(Saved data entries)
• • • • • • •

lemma nn_integral_ge_of_log_density_bound:
  fixes psi :: "'a \<Rightarrow> ennreal"
  assumes P: "prob_space P" and Q: "prob_space (density P p)"
    and p [measurable]: "p \<in> borel_measurable P" and fin: "AE z in P. p z \<noteq> \<infinity>"
    and psi [measurable]: "psi \<in> borel_measurable P" and l: "l > 0" and C: "C > 0"
    and moment: "(\<integral>\<^sup>+z. exp_loss l (psi z) \<partial>P) \<le> ennreal C"
    and info: "enn2ereal (\<integral>\<^sup>+z. ennreal (max 0 (ln (enn2real (p z)))) \<partial>density P p)
             - enn2ereal (\<integral>\<^sup>+z. ennreal (max 0 (- ln (enn2real (p z)))) \<partial>density P p) \<le> ereal r"
  shows "ennreal ((- ln C - r) / l) \<le> (\<integral>\<^sup>+z. psi z \<partial>density P p)"
proof -
  interpret Q: prob_space "density P p" by fact
  have Q1: "emeasure (density P p) (space P) = 1" using Q.emeasure_space_1 by simp
  define L where "L z = ln (enn2real (p z))" for z
  define Pos where "Pos = (\<integral>\<^sup>+z. ennreal (max 0 (L z)) \<partial>density P p)"
  define Neg where "Neg = (\<integral>\<^sup>+z. ennreal (max 0 (- L z)) \<partial>density P p)"
  define W where "W z = exp_loss l (psi z) * ennreal (1 / C) * ennreal (1 / enn2real (p z))" for z
  have Neg: "Neg \<le> 1"
    unfolding Neg_def L_def
    using nn_integral_neg_part_log_density_le_1[OF P, of p] by (simp add: nn_integral_density)
  have "(\<integral>\<^sup>+z. W z \<partial>density P p) \<le> (\<integral>\<^sup>+z. exp_loss l (psi z) * ennreal (1 / C) \<partial>P)"
    unfolding W_def by (rule nn_integral_density_div_le[OF refl p fin]) measurable
  also have "\<dots> = (\<integral>\<^sup>+z. exp_loss l (psi z) \<partial>P) * ennreal (1 / C)"
    by (rule nn_integral_multc) measurable
  also have "\<dots> \<le> ennreal C * ennreal (1 / C)"
    using moment by (rule mult_right_mono) simp
  also have "\<dots> = 1" using C by (simp flip: ennreal_mult)
  finally have W: "(\<integral>\<^sup>+z. W z \<partial>density P p) \<le> 1" .
  have "AE z in density P p. 0 < p z \<and> p z \<noteq> \<infinity>"
    using fin by (subst AE_density) (auto simp: zero_less_iff_neq_zero)
  hence "AE z in density P p. 1 + ennreal (max 0 (- L z)) + ennreal (max 0 (- ln C))
      \<le> ennreal l * psi z + ennreal (max 0 (L z)) + W z + ennreal (max 0 (ln C))"
  proof eventually_elim
    case (elim z)
    then obtain x where "p z = ennreal x" "x > 0" by (cases "p z") auto
    thus ?case using exp_loss_variational_ineq[OF _ l C] by (simp add: L_def W_def)
  qed
  hence "(\<integral>\<^sup>+z. 1 + ennreal (max 0 (- L z)) + ennreal (max 0 (- ln C)) \<partial>density P p)
      \<le> (\<integral>\<^sup>+z. ennreal l * psi z + ennreal (max 0 (L z)) + W z + ennreal (max 0 (ln C)) \<partial>density P p)"
    by (rule nn_integral_mono_AE)
  hence "1 + Neg + ennreal (max 0 (- ln C))
      \<le> ennreal l * (\<integral>\<^sup>+z. psi z \<partial>density P p) + Pos + (\<integral>\<^sup>+z. W z \<partial>density P p) + ennreal (max 0 (ln C))"
    unfolding Pos_def Neg_def L_def W_def
    by (simp add: nn_integral_add nn_integral_cmult Q1)
  hence main: "1 + Neg + ennreal (max 0 (- ln C))
      \<le> ennreal l * (\<integral>\<^sup>+z. psi z \<partial>density P p) + Pos + 1 + ennreal (max 0 (ln C))"
    using W by (meson add_left_mono add_right_mono order_trans)
  show ?thesis
    using ennreal_rate_arith[OF main Neg] info l unfolding Pos_def Neg_def L_def by simp
qed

• • • • • • •

Your objective:
Every line that holds the word "noteq" should be copied from the records.

Task answer:
    and p [measurable]: "p \<in> borel_measurable P" and fin: "AE z in P. p z \<noteq> \<infinity>"
  have "AE z in density P p. 0 < p z \<and> p z \<noteq> \<infinity>"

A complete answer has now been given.